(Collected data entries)
....

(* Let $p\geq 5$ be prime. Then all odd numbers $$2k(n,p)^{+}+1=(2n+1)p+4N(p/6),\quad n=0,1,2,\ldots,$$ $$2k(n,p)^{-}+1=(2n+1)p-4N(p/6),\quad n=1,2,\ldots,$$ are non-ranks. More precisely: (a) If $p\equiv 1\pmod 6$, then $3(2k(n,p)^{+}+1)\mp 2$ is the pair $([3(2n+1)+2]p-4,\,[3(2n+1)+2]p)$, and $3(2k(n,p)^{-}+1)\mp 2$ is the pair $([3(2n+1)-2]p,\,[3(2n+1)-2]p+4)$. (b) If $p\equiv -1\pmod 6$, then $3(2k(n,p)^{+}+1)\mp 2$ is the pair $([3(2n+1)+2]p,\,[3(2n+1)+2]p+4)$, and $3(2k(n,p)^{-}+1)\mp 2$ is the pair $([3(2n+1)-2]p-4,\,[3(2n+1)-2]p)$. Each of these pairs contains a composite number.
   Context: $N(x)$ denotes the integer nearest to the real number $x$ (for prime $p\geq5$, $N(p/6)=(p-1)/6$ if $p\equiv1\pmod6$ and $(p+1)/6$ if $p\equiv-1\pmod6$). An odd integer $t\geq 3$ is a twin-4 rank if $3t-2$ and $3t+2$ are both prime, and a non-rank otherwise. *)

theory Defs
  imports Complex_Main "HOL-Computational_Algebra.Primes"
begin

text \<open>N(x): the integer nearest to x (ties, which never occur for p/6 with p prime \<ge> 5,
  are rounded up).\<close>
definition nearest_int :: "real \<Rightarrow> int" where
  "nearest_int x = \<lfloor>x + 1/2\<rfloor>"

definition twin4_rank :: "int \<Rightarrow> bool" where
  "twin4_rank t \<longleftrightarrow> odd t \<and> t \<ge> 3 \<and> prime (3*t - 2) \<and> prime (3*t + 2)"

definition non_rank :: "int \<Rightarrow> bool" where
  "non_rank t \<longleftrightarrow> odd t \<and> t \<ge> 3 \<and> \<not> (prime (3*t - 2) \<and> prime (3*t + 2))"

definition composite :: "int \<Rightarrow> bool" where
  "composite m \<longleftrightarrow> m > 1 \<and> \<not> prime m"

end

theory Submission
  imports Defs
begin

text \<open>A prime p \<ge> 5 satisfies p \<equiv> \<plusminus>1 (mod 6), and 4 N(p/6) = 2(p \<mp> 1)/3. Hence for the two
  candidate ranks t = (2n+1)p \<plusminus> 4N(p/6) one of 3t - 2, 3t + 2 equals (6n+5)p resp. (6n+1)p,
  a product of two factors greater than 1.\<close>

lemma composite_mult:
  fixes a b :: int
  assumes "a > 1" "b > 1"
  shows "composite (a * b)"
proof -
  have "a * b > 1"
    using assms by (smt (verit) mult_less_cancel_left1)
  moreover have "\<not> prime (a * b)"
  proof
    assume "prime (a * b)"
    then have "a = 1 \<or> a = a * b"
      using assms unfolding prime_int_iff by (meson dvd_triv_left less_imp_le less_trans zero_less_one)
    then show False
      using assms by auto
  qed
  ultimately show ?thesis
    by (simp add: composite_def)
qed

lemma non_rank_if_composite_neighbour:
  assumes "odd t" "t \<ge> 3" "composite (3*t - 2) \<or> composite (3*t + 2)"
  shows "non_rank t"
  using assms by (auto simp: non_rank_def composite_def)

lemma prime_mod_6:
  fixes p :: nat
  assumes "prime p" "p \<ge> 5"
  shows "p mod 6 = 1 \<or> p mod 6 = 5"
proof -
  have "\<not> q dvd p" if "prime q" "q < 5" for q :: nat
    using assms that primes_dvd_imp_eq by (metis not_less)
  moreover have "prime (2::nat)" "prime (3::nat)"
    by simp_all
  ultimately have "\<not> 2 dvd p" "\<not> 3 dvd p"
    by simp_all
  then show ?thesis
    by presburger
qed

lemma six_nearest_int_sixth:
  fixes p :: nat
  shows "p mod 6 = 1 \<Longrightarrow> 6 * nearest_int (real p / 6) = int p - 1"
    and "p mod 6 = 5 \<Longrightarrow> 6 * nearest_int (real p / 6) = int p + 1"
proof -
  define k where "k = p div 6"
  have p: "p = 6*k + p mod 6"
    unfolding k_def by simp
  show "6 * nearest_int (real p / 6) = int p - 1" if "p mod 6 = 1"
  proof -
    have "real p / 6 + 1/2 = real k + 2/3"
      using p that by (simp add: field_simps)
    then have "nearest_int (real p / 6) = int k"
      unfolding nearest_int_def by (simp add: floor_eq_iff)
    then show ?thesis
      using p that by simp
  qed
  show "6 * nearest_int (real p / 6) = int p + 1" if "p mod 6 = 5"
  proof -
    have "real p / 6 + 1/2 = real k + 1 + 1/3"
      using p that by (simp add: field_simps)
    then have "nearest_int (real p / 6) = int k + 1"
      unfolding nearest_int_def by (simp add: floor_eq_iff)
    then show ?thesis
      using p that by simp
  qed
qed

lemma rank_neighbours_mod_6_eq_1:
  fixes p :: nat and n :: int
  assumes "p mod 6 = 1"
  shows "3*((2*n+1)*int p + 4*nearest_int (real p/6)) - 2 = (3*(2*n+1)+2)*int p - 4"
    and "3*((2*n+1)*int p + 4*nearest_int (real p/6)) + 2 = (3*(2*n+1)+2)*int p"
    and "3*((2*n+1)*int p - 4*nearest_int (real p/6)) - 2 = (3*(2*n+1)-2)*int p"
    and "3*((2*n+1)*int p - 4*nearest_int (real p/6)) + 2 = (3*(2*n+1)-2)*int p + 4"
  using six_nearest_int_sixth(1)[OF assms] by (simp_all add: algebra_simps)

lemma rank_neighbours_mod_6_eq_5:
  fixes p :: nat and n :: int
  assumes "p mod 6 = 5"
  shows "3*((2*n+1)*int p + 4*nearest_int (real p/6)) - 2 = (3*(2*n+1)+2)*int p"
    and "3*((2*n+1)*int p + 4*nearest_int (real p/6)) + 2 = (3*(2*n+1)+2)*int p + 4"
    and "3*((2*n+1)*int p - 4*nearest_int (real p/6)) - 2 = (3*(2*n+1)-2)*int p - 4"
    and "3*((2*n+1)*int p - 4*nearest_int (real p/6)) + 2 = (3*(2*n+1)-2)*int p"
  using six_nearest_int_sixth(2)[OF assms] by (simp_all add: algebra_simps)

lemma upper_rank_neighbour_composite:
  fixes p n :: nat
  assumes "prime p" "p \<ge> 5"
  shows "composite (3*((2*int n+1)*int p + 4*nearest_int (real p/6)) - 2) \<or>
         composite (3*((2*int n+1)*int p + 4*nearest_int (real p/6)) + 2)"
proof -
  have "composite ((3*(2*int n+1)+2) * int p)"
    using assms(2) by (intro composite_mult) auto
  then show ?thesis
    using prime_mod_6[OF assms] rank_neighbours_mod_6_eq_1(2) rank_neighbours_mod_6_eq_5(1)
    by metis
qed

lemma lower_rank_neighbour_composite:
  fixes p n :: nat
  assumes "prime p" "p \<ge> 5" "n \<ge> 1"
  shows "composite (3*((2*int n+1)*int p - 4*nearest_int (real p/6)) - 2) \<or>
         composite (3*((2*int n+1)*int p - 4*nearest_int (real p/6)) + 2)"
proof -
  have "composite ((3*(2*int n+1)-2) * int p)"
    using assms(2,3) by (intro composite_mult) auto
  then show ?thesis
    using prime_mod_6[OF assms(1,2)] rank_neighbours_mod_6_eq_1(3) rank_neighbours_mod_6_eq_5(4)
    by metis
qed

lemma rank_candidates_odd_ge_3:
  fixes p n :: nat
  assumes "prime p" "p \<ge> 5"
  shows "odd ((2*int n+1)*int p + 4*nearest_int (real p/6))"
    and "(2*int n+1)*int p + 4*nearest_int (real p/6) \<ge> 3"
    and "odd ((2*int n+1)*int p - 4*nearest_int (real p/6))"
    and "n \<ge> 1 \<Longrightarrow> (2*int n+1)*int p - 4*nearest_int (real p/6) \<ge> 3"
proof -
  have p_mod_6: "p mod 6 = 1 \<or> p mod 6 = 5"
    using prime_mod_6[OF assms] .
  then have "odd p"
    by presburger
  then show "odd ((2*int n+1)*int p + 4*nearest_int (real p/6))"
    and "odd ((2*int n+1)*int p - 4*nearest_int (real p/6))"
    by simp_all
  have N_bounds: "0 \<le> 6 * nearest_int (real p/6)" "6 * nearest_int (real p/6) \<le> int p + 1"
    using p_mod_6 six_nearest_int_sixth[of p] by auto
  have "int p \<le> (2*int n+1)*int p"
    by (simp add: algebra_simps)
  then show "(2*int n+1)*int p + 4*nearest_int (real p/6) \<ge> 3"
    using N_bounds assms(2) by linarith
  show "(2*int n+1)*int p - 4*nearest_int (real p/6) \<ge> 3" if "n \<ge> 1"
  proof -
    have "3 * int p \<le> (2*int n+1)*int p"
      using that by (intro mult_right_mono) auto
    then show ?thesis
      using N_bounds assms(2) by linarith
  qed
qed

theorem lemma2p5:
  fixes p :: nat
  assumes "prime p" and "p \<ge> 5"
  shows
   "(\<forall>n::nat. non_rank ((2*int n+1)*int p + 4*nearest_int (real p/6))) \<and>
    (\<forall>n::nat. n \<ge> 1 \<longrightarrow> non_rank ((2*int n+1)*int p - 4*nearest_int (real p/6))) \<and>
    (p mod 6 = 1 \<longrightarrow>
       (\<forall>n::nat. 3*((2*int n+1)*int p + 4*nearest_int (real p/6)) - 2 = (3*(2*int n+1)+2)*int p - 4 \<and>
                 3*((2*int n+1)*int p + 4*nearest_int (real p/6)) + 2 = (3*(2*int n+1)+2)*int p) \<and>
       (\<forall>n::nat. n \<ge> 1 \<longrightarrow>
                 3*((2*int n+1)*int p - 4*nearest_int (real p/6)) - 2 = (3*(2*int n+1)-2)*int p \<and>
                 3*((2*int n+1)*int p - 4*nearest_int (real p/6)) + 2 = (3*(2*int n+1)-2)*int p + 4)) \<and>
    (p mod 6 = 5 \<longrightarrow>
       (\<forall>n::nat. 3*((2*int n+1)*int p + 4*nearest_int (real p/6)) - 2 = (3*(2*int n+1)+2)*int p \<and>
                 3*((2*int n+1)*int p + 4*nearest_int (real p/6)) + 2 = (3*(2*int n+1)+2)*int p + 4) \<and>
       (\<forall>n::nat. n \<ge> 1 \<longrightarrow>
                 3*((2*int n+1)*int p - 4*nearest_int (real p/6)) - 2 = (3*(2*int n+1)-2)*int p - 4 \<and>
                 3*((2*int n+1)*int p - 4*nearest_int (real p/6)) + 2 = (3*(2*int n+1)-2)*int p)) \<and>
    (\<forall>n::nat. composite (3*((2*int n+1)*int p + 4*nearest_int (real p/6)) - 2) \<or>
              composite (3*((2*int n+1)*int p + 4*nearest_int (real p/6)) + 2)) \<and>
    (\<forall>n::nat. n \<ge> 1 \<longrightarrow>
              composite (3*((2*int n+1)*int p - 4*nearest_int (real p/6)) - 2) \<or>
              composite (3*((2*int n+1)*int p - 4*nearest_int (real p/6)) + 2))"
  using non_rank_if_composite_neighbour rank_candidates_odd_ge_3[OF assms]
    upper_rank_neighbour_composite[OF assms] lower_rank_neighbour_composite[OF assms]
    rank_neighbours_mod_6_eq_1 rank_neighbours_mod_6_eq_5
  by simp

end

....

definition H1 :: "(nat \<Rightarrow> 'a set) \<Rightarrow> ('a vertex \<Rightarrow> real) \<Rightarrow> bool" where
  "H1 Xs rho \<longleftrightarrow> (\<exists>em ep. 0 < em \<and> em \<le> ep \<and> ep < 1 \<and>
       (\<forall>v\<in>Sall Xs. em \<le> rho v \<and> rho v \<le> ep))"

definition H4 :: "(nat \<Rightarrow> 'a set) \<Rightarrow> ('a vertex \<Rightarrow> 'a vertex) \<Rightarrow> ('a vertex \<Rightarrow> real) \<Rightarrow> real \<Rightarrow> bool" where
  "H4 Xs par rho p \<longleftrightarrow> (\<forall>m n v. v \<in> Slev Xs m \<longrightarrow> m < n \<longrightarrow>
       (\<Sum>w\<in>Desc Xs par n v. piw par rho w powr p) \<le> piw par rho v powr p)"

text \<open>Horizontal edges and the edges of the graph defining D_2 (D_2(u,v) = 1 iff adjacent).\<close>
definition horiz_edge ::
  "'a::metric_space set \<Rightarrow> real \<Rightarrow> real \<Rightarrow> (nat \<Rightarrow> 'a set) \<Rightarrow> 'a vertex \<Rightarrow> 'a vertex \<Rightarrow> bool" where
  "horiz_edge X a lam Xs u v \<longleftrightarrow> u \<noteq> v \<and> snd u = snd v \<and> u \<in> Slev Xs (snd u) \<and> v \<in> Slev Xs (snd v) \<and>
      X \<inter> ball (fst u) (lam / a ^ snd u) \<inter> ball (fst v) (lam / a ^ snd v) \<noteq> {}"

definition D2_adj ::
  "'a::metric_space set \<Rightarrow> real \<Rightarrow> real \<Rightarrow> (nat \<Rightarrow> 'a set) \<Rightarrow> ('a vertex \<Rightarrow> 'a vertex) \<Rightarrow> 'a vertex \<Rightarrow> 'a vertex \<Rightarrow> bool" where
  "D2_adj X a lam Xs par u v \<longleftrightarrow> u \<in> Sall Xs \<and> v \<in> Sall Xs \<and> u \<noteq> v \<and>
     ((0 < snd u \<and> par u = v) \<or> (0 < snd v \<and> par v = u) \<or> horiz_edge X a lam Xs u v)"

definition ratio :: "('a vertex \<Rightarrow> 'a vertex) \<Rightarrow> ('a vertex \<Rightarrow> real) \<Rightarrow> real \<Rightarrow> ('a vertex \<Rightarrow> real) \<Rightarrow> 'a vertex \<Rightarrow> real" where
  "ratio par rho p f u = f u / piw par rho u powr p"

....

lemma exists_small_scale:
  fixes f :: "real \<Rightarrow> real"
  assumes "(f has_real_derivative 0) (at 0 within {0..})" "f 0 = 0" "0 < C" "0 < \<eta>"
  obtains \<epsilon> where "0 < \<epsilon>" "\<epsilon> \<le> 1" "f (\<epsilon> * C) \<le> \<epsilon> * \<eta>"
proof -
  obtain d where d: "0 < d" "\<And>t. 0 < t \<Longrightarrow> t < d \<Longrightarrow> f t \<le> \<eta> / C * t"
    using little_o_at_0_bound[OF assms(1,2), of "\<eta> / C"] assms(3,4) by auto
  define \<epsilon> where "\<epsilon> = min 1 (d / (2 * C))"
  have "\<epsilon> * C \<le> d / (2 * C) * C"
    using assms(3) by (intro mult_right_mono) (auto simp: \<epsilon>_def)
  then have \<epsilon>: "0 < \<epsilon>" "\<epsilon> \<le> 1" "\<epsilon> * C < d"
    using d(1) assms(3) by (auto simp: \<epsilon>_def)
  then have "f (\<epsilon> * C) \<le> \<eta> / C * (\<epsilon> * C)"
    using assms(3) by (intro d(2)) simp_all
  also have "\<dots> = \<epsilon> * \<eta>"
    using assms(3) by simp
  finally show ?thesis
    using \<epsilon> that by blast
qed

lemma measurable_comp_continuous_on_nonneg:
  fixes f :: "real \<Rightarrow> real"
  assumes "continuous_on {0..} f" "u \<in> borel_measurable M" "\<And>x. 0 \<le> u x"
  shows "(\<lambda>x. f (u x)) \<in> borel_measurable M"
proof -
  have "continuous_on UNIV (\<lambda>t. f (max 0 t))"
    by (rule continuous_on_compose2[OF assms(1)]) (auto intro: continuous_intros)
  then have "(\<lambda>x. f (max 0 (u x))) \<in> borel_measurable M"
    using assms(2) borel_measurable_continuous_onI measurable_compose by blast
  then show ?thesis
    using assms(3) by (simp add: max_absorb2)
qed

....

INSTRUCTIONS TO FOLLOW: The lines above from the one with "((0 < snd u" through the one with "par rho p f" are to be duplicated exactly, ends included, with nothing added.

EXERCISE ANSWER:
     ((0 < snd u \<and> par u = v) \<or> (0 < snd v \<and> par v = u) \<or> horiz_edge X a lam Xs u v)"

definition ratio :: "('a vertex \<Rightarrow> 'a vertex) \<Rightarrow> ('a vertex \<Rightarrow> real) \<Rightarrow> real \<Rightarrow> ('a vertex \<Rightarrow> real) \<Rightarrow> 'a vertex \<Rightarrow> real" where
  "ratio par rho p f u = f u / piw par rho u powr p"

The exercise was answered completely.